У женщин бывает: они проникают друг в друга сразу, без препятствий, они считывают текст не то что с извилин — тоже мне трудность! — с загогулинки тонкой вибрации, не взятой никаким аппаратом науки. А одна сестра на другую глаз бросила — и вся ты у нее как на ладони.

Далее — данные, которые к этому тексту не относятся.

(* Let $-\frac1n<\alpha<0$, $\beta_1\ge0$, $\beta_2\in\mathbb{R}$, and let $f=(1-\alpha\varphi)^{1/\alpha}\in\mathcal{C}^+_\alpha(\mathbb{R}^n)$ with $o\in\mathrm{int}(K_f)$. For $t>0$ small, let $\widehat{f_t}=\big(1-\alpha[(1+\beta_1t)\varphi^*]^*+\alpha\beta_2t\big)^{1/\alpha}$ and, for $u\in S^{n-1}$, $$E_t(u)=\int_0^{+\infty}\frac{\widehat{f_t}(ru)-f(ru)}{t}\,r^{n-1}\,dr.$$ Then $\lim_{t\to0^+}E_t(u)$ exists for almost every $u\in S^{n-1}$, and $$\lim_{t\to0^+}\int_{S^{n-1}}E_t(u)\,du=\int_{S^{n-1}}\lim_{t\to0^+}E_t(u)\,du .$$
   Context: $\mathrm{Conv}(\mathbb{R}^n)$ is the set of proper, convex, lower semi-continuous $\varphi:\mathbb{R}^n\to\mathbb{R}\cup\{+\infty\}$; $\varphi$ is coercive if $\liminf_{|x|\to\infty}\varphi(x)/|x|>0$. For $\alpha<0$, $\mathcal{C}^+_\alpha(\mathbb{R}^n)$ is the set of $f=(1-\alpha\varphi)^{1/\alpha}$ with $\varphi\in\mathrm{Conv}(\mathbb{R}^n)$ nonnegative and coercive (convention: $f=0$ where $\varphi=+\infty$). $K_f=\overline{\mathrm{dom}\,\varphi}$. $\varphi^*$ denotes the Legendre transform, so $[(1+s)\varphi^*]^*(x)=(1+s)\varphi(x/(1+s))$ for $s>-1$. $du$ is the surface measure on the unit sphere $S^{n-1}$. *)

theory Defs
  imports "HOL-Analysis.Analysis"
begin

definition edom :: "('a \<Rightarrow> ereal) \<Rightarrow> 'a set" where
  "edom \<phi> = {x. \<phi> x \<noteq> \<infinity>}"

definition proper_fn :: "('a \<Rightarrow> ereal) \<Rightarrow> bool" where
  "proper_fn \<phi> \<longleftrightarrow> (\<forall>x. \<phi> x \<noteq> -\<infinity>) \<and> (\<exists>x. \<phi> x \<noteq> \<infinity>)"

definition convex_efn :: "('a::real_vector \<Rightarrow> ereal) \<Rightarrow> bool" where
  "convex_efn \<phi> \<longleftrightarrow> convex_on (edom \<phi>) (\<lambda>x. real_of_ereal (\<phi> x))"

definition lsc_fn :: "('a::topological_space \<Rightarrow> ereal) \<Rightarrow> bool" where
  "lsc_fn \<phi> \<longleftrightarrow> (\<forall>x. \<phi> x \<le> Liminf (at x) \<phi>)"

definition Conv :: "('a::euclidean_space \<Rightarrow> ereal) set" where
  "Conv = {\<phi>. proper_fn \<phi> \<and> convex_efn \<phi> \<and> lsc_fn \<phi>}"

definition coercive :: "('a::real_normed_vector \<Rightarrow> ereal) \<Rightarrow> bool" where
  "coercive \<phi> \<longleftrightarrow> Liminf at_infinity (\<lambda>x. \<phi> x / ereal (norm x)) > 0"

definition legendre :: "('a::real_inner \<Rightarrow> ereal) \<Rightarrow> 'a \<Rightarrow> ereal" where
  "legendre \<phi> y = (SUP x. ereal (inner x y) - \<phi> x)"

definition alpha_fn :: "real \<Rightarrow> ('a \<Rightarrow> ereal) \<Rightarrow> 'a \<Rightarrow> real" where
  "alpha_fn \<alpha> \<psi> x = (if \<psi> x = \<infinity> then 0
      else (1 - \<alpha> * real_of_ereal (\<psi> x)) powr (1 / \<alpha>))"

definition C_alpha_plus :: "real \<Rightarrow> ('a::euclidean_space \<Rightarrow> real) set" where
  "C_alpha_plus \<alpha> = {alpha_fn \<alpha> \<phi> | \<phi>. \<phi> \<in> Conv \<and> (\<forall>x. \<phi> x \<ge> 0) \<and> coercive \<phi>}"

definition Kset :: "('a::topological_space \<Rightarrow> ereal) \<Rightarrow> 'a set" where
  "Kset \<phi> = closure (edom \<phi>)"

definition hat_f :: "real \<Rightarrow> real \<Rightarrow> real \<Rightarrow> ('a::euclidean_space \<Rightarrow> ereal) \<Rightarrow> real \<Rightarrow> 'a \<Rightarrow> real" where
  "hat_f \<alpha> \<beta>1 \<beta>2 \<phi> t = alpha_fn \<alpha>
     (\<lambda>x. legendre (\<lambda>y. ereal (1 + \<beta>1 * t) * legendre \<phi> y) x - ereal (\<beta>2 * t))"

text \<open>Surface (Hausdorff) measure on the unit sphere, defined by the cone-volume formula
  sigma(A) = n * vol {r u. 0 <= r <= 1, u in A}, i.e. the push-forward of n times
  Lebesgue measure on the unit ball under radial projection.\<close>
definition sphere_measure :: "'a::euclidean_space measure" where
  "sphere_measure = distr (density (restrict_space lborel (ball 0 1)) (\<lambda>_. ennreal (real DIM('a))))
      (restrict_space borel (sphere 0 1)) (\<lambda>x. x /\<^sub>R norm x)"

definition E_fn :: "real \<Rightarrow> real \<Rightarrow> real \<Rightarrow> ('a::euclidean_space \<Rightarrow> ereal) \<Rightarrow> real \<Rightarrow> 'a \<Rightarrow> real" where
  "E_fn \<alpha> \<beta>1 \<beta>2 \<phi> t u = (LBINT r:{0<..}.
     (hat_f \<alpha> \<beta>1 \<beta>2 \<phi> t (r *\<^sub>R u) - alpha_fn \<alpha> \<phi> (r *\<^sub>R u)) / t * r ^ (DIM('a) - 1))"

end

theory Submission
  imports Defs
begin

text \<open>
  By the Fenchel--Moreau theorem, \<open>[(1 + \<beta>1 t) \<phi>\<^sup>*]\<^sup>* x = (1 + \<beta>1 t) \<phi> (x / (1 + \<beta>1 t))\<close>.
  Substituting \<open>r = (1 + \<beta>1 t) \<rho>\<close> turns \<open>E\<^sub>t(u)\<close> into the integral over \<open>\<rho> > 0\<close> of
  \<open>(g(t) - g(0)) / t \<cdot> \<rho>\<^sup>n\<^sup>-\<^sup>1\<close>, where \<open>v = \<phi> (\<rho> u)\<close> and
  \<open>g(t) = (1 + \<beta>1 t)\<^sup>n (1 - \<alpha> ((1 + \<beta>1 t) v - \<beta>2 t))\<^bsup>1/\<alpha>\<^esup>\<close>.
  For small \<open>t\<close> the mean value theorem bounds these difference quotients by a constant times
  \<open>((1 - \<alpha> v) / 2)\<^bsup>1/\<alpha>\<^esup> \<rho>\<^sup>n\<^sup>-\<^sup>1\<close>, and the linear growth of the coercive \<open>\<phi>\<close> bounds this
  by a multiple of \<open>(1 + \<rho>)\<^bsup>1/\<alpha> + n - 1\<^esup>\<close>, which is integrable since \<open>\<alpha> > -1/n\<close>.
  Dominated convergence, first in \<open>\<rho>\<close> and then over the sphere (a finite measure, with a bound
  uniform in \<open>u\<close>), gives both claims.
\<close>

section \<open>Lower semicontinuous convex functions\<close>

lemma lsc_fn_open_superlevel:
  fixes \<phi> :: "'a::topological_space \<Rightarrow> ereal"
  assumes "lsc_fn \<phi>"
  shows "open {x. y < \<phi> x}"
proof (subst open_subopen, intro ballI)
  fix x assume x: "x \<in> {x. y < \<phi> x}"
  then have "y < Liminf (at x) \<phi>"
    using assms unfolding lsc_fn_def by (metis mem_Collect_eq order_less_le_trans)
  then have "eventually (\<lambda>z. y < \<phi> z) (at x)"
    by (rule less_LiminfD)
  then obtain T where T: "open T" "x \<in> T" "\<forall>z\<in>T. z \<noteq> x \<longrightarrow> y < \<phi> z"
    unfolding eventually_at_topological by auto
  have "T \<subseteq> {x. y < \<phi> x}"
    using T(3) x by auto
  with T(1,2) show "\<exists>T. open T \<and> x \<in> T \<and> T \<subseteq> {x. y < \<phi> x}"
    by auto
qed

lemma lsc_fn_borel_measurable:
  fixes \<phi> :: "'a::topological_space \<Rightarrow> ereal"
  assumes "lsc_fn \<phi>"
  shows "\<phi> \<in> borel_measurable borel"
  by (rule borel_measurableI_greater) (simp add: lsc_fn_open_superlevel[OF assms])

lemma closed_epigraph_lsc:
  fixes \<phi> :: "'a::topological_space \<Rightarrow> ereal"
  assumes "lsc_fn \<phi>"
  shows "closed {p. \<phi> (fst p) \<le> ereal (snd p)}"
proof -
  have "- {p. \<phi> (fst p) \<le> ereal (snd p)} = (\<Union>q. {x. ereal q < \<phi> x} \<times> {..<q})"
  proof (intro set_eqI iffI)
    fix p :: "'a \<times> real"
    assume "p \<in> - {p. \<phi> (fst p) \<le> ereal (snd p)}"
    then have "ereal (snd p) < \<phi> (fst p)"
      by (simp add: not_le)
    then obtain q where "ereal (snd p) < ereal q" "ereal q < \<phi> (fst p)"
      using ereal_dense2 by blast
    then show "p \<in> (\<Union>q. {x. ereal q < \<phi> x} \<times> {..<q})"
      by (cases p) auto
  next
    fix p :: "'a \<times> real"
    assume "p \<in> (\<Union>q. {x. ereal q < \<phi> x} \<times> {..<q})"
    then obtain q where "ereal q < \<phi> (fst p)" "snd p < q"
      by (cases p) auto
    then have "ereal (snd p) < \<phi> (fst p)"
      by (metis less_ereal.simps(1) less_trans)
    then show "p \<in> - {p. \<phi> (fst p) \<le> ereal (snd p)}"
      by (simp add: not_le)
  qed
  moreover have "open (\<Union>q. {x. ereal q < \<phi> x} \<times> {..<q})"
    by (intro open_UN ballI open_Times lsc_fn_open_superlevel[OF assms] open_lessThan)
  ultimately show ?thesis
    by (simp add: closed_def)
qed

Люся и Анна Сергеевна несли в душе одну на двоих общую радость: свинство в виде прыжка с чужого балкона их настичь не может. Они, слава богу, хоть и одинокие и у них нет мужей, но не могут допустить к себе чужих и случайных. А дальше большими буквами следовало: …не то что некоторые.
Когда прощались возле троллейбусной остановки, жена Вадима Петровича сказала Норе странное:
— Я бы тоже хотела умереть на хорошем воспоминании.
— Сделайте операцию и живите долго. Вадим очень беспокоился о ваших глазах, — ответила Нора.
— Да? — спросила женщина. — Я его раздражала. Случалась бумага в супе. Недомытость чашки… Он не указывал пальцем, но начинал громко дышать…
На этой фразе она замерла, потому как неосторожно вырвавшееся это слово, “дышать”, было тем самым, что отличало жизнь от нежизни.
Возвращаясь домой, Нора вспоминала, как застопорилась на слове “дышать” жена Вадима Петровича.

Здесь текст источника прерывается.